Hoshiyar ( Careful) is a 1985 Hindi-language action film, produced by G. Hanumantha Rao under the Padmalaya Studios banner, presented by Krishna and directed by K. Raghavendra Rao. It stars Jeetendra, Shatrughan Sinha, Jaya Prada, Meenakshi Sheshadri and music composed by Bappi Lahiri. The film is a remake of the Telugu movie Kirayi Rowdylu (1981). The film did not do well at the box office.

==Plot==
Jagannath, Dhartiraj, and Malpani are close friends. When Jagannath wins a jackpot, the other two kill him and usurp his fortune. Jagannath's wife Sitadevi quits town along with her sons, Rakesh and Rajesh. Their train has an accident and Rajesh is separated from his family. Rajesh is brought up by an elderly man who entrusts his blind granddaughter Shanti’s responsibility to him.

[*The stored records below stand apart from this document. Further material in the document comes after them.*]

(* For any tree $T$ and $c>0$, there exists $C>1$ such that the following holds. Given a $(c,t)$-sparse graph $\Gamma$ on $n$ vertices, for some $t$, every subgraph $G\subseteq\Gamma$ with at least $Ctn$ edges contains a copy of $T$ which is an induced subgraph of $\Gamma$.
   Context: A graph $\Gamma$ is $(c,t)$-sparse if for every pair of (not necessarily disjoint) vertex subsets $A,B\subseteq V(\Gamma)$ with $|A|,|B|\ge t$ we have $e(A,B)\le (1-c)|A||B|$, where $e(A,B)$ is the number of ordered pairs $(a,b)\in A\times B$ such that $\{a,b\}$ is an edge of $\Gamma$. *)

theory Defs
  imports Complex_Main
begin

definition simple_graph :: "'a set \<Rightarrow> ('a \<Rightarrow> 'a \<Rightarrow> bool) \<Rightarrow> bool" where
  "simple_graph V E \<longleftrightarrow> finite V \<and>
     (\<forall>u v. E u v \<longrightarrow> u \<in> V \<and> v \<in> V \<and> u \<noteq> v \<and> E v u)"

definition num_edges :: "'a set \<Rightarrow> ('a \<Rightarrow> 'a \<Rightarrow> bool) \<Rightarrow> nat" where
  "num_edges V E = card {{u, v} | u v. u \<in> V \<and> v \<in> V \<and> E u v}"

definition e_pairs :: "('a \<Rightarrow> 'a \<Rightarrow> bool) \<Rightarrow> 'a set \<Rightarrow> 'a set \<Rightarrow> nat" where
  "e_pairs E A B = card {(a, b). a \<in> A \<and> b \<in> B \<and> E a b}"

definition sparse :: "real \<Rightarrow> real \<Rightarrow> 'a set \<Rightarrow> ('a \<Rightarrow> 'a \<Rightarrow> bool) \<Rightarrow> bool" where
  "sparse c t V E \<longleftrightarrow> (\<forall>A B. A \<subseteq> V \<longrightarrow> B \<subseteq> V \<longrightarrow> real (card A) \<ge> t \<longrightarrow> real (card B) \<ge> t \<longrightarrow>
      real (e_pairs E A B) \<le> (1 - c) * real (card A) * real (card B))"

definition connected_graph :: "'a set \<Rightarrow> ('a \<Rightarrow> 'a \<Rightarrow> bool) \<Rightarrow> bool" where
  "connected_graph V E \<longleftrightarrow> (\<forall>u\<in>V. \<forall>v\<in>V. (\<lambda>x y. x \<in> V \<and> y \<in> V \<and> E x y)\<^sup>*\<^sup>* u v)"

definition is_cycle :: "'a set \<Rightarrow> ('a \<Rightarrow> 'a \<Rightarrow> bool) \<Rightarrow> 'a list \<Rightarrow> bool" where
  "is_cycle V E xs \<longleftrightarrow> length xs \<ge> 3 \<and> distinct xs \<and> set xs \<subseteq> V \<and>
     (\<forall>i. Suc i < length xs \<longrightarrow> E (xs ! i) (xs ! Suc i)) \<and> E (last xs) (hd xs)"

definition acyclic_graph :: "'a set \<Rightarrow> ('a \<Rightarrow> 'a \<Rightarrow> bool) \<Rightarrow> bool" where
  "acyclic_graph V E \<longleftrightarrow> (\<nexists>xs. is_cycle V E xs)"
(* Let $\lambda\ge1$ and $\phi=e^{\lambda\psi}$. There exist $h_1=h_1(\lambda)>0$ and $C_\lambda>0$ such that for all $0<h\le h_1$, all $\tau>0$, $0<\delta<1/2$, $\Delta t>0$, and every fully-discrete function $z=(z^{n+1/2})_{n=0}^M$ with $z^{n+1/2}_0=z^{n+1/2}_{N+1}=0$, writing $s=\tau\theta$, $$ \begin{aligned} \tau\lambda^2\iint_Q\bar{\mathtt t}^-(\theta)\phi|\partial_h\bar{\mathtt t}^-z|^2&\ge\tau\lambda^2\iint_Q\bar{\mathtt t}^-(\theta)\phi|\overline{\partial_h\bar{\mathtt t}^-z}|^2+\frac{h^2\tau\lambda^2}{4}\iint_Q\bar{\mathtt t}^-(\theta)\phi|\Delta_h\bar{\mathtt t}^-z|^2\\ &\quad-C_\lambda h^2\iint_Q\bar{\mathtt t}^-(s)|\partial_h\bar{\mathtt t}^-z|^2-C_\lambda\iint_Q\bar{\mathtt t}^-(sh)|\overline{\partial_h\bar{\mathtt t}^-z}|^2-C_\lambda h^4\iint_Q\bar{\mathtt t}^-(s)|\Delta_h\bar{\mathtt t}^-z|^2. \end{aligned} $$ (In the first integral $\phi$ is sampled at the dual points $x_{i+1/2}$, in the others at the primal points $x_i$.)
   Context: Grids: $\Omega=(0,L)$, $h=L/(N+1)$, $\Delta t=T/M$, $x_i=ih$, $x_{i+1/2}=(i+\frac12)h$, $t_{n\pm1/2}=(n\pm\frac12)\Delta t$. For a primal space function $u$: $(\partial_hu)_{i+1/2}=(u_{i+1}-u_i)/h$ ($i=0,\dots,N$), $\overline{\partial_h u}_i=(u_{i+1}-u_{i-1})/(2h)$ and $(\Delta_hu)_i=(u_{i+1}-2u_i+u_{i-1})/h^2$ ($i=1,\dots,N$). $\int_\Omega$ of a primal function is $\sum_{i=1}^Nh u_i$, of a dual function $\sum_{i=0}^Nhv_{i+1/2}$. For $n=1,\dots,M$, $(\bar{\mathtt t}^-z)^n=z^{n-1/2}$ and $\bar{\mathtt t}^-(f)$ is a continuous $f$ evaluated at $t_{n-1/2}$; $\iint_QF=\sum_{n=1}^M\Delta t\int_\Omega F^n$. Weights: $\psi\in C^k(\overline{\tilde\Omega})$, $k$ large, positive on an open interval $\tilde\Omega\supset[0,L]$; $\theta(t)=1/((t+\delta T)(T+\delta T-t))$. *)

theory Defs
  imports "HOL-Analysis.Analysis"
begin

definition Ck_on :: "nat \<Rightarrow> real set \<Rightarrow> (real \<Rightarrow> real) \<Rightarrow> bool" where
  "Ck_on k S f \<longleftrightarrow>
     (\<forall>j<k. \<forall>x\<in>S. (deriv ^^ j) f differentiable (at x)) \<and>
     (\<forall>j\<le>k. continuous_on S ((deriv ^^ j) f))"

definition theta :: "real \<Rightarrow> real \<Rightarrow> real \<Rightarrow> real" where
  "theta T \<delta> t = 1 / ((t + \<delta> * T) * (T + \<delta> * T - t))"

definition tmid :: "real \<Rightarrow> nat \<Rightarrow> real" where
  "tmid dt n = (real n - 1/2) * dt"

text \<open>Discrete operators on a primal function u (u i = u_i).
  Dp h u i is the value at the dual point x_{i+1/2}.\<close>
definition Dp :: "real \<Rightarrow> (nat \<Rightarrow> real) \<Rightarrow> nat \<Rightarrow> real" where
  "Dp h u i = (u (i + 1) - u i) / h"

definition Dc :: "real \<Rightarrow> (nat \<Rightarrow> real) \<Rightarrow> nat \<Rightarrow> real" where
  "Dc h u i = (u (i + 1) - u (i - 1)) / (2 * h)"

definition Lap :: "real \<Rightarrow> (nat \<Rightarrow> real) \<Rightarrow> nat \<Rightarrow> real" where
  "Lap h u i = (u (i + 1) - 2 * u i + u (i - 1)) / h ^ 2"
(* Let $(\mathcal S,\gamma)$ be an IFS quasiarc with similarity dimension $s$, and let $\phi:[0,1]\to\gamma$ be its Hutchinson parameterization. Then for all $u,v\in[0,1]$ with $u\le v$, $$\mathcal H^s(\phi([u,v]))=\mathcal H^s(\gamma)\,|u-v|,$$ where $\mathcal H^s$ is $s$-dimensional Hausdorff measure.
   Context: $\mathcal S=\{S_1,\dots,S_N\}$, $N\ge2$, contracting similarities of $\mathbb{R}^n$ with ratios $r_i\in(0,1)$, invariant set $\gamma$ (unique nonempty compact set with $\gamma=\bigcup_iS_i(\gamma)$). IFS path: there are $a,b$ with $S_1(a)=a$, $S_N(b)=b$, $S_i(b)=S_{i+1}(a)$ for $i=1,\dots,N-1$. IFS arc: moreover $S_i(\gamma)\cap S_{i+1}(\gamma)=\{S_{i+1}(a)\}$ and $S_i(\gamma)\cap S_j(\gamma)=\emptyset$ for $i,j\in\{1,\dots,N\}$, $|i-j|>1$. IFS quasiarc: moreover $\gamma$ is quasisymmetrically equivalent to $[0,1]$. Similarity dimension: $s>0$ with $\sum_ir_i^s=1$. Hutchinson parameterization: $t_0=0$, $t_i=t_{i-1}+r_i^s$, $s_i(t)=t\,t_i+(1-t)t_{i-1}$; $S_\sigma=S_{\sigma_1}\circ\cdots\circ S_{\sigma_k}$, $s_\sigma$ likewise; $\phi_0(t)=a+t(b-a)$, $\phi_k(t)=S_\sigma\circ\phi_0\circ s_\sigma^{-1}(t)$ on $s_\sigma([0,1])$, $\sigma\in\{1,\dots,N\}^k$; $\phi$ is the uniform limit of the $\phi_k$. *)

theory Defs
  imports "HOL-Analysis.Analysis"
begin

Rakesh grows up to become a pop singer and unknowingly falls in love with Dhartiraj's daughter Jyoti. Rajesh is a ruffian who helps Dhartiraj and dotes on Shanti. Dhartiraj opposes the love affair of Rakesh and Jyoti and whants to marry her off to Malpani's son Shakti. Friction ensues between Dhartiraj and Rajesh when a goon molests Shanti and kills her. Rajesh abducts Jyoti in retaliation. Rakesh finds their whereabouts through Rajesh’s love interest Radha. Sitadevi learns that Rajesh is her own son. She and Radha proceed to stop the brothers from fighting. The film ends on a happy note.

==Cast==
The cast is as follows:
- Jeetendra as Rakesh
- Shatrughan Sinha as Rajesh
- Jaya Prada as Radha
- Meenakshi Sheshadri as Jyoti
- Tanuja as Seeta
- Pran as Dhartiraj
- Kader Khan as Malpani
- Shakti Kapoor as Malpani's Son
- Asrani as Jumbo
- Ranjeet as Shambhu Das

==Production==
The film is the only collaboration between Jeetendra and Meenakshi as hero-heroine.

==Soundtrack==
The music of the film was composed by Bappi Lahiri.

===Track listing===

| Song | Singer |
|---|---|
| "Atka Atka" | Kishore Kumar, Asha Bhosle |
| "Choli Tere" | Kishore Kumar, Asha Bhosle |
| "Teri Jaisi Koi" | Kishore Kumar, Asha Bhosle |
| "Bhaiya Ke Haath Mein" (Happy) | S. P. Balasubrahmanyam, Asha Bhosle |
| "Bhaiya Ke Haath Mein" (Sad) | S. P. Balasubrahmanyam, Asha Bhosle |
| "Dil Sangeet Ka" | Asha Bhosle, Bappi Lahiri |
| "Ho Ja Hoshiyar" | Asha Bhosle |

==Reception==
The film was listed by India Today as one of the year's expensive Hindi action films which did not leave a mark commercially. Rediff.com lists the film as an example to films employing the exaggerated "dishoom dishoom" sound effect in action scenes.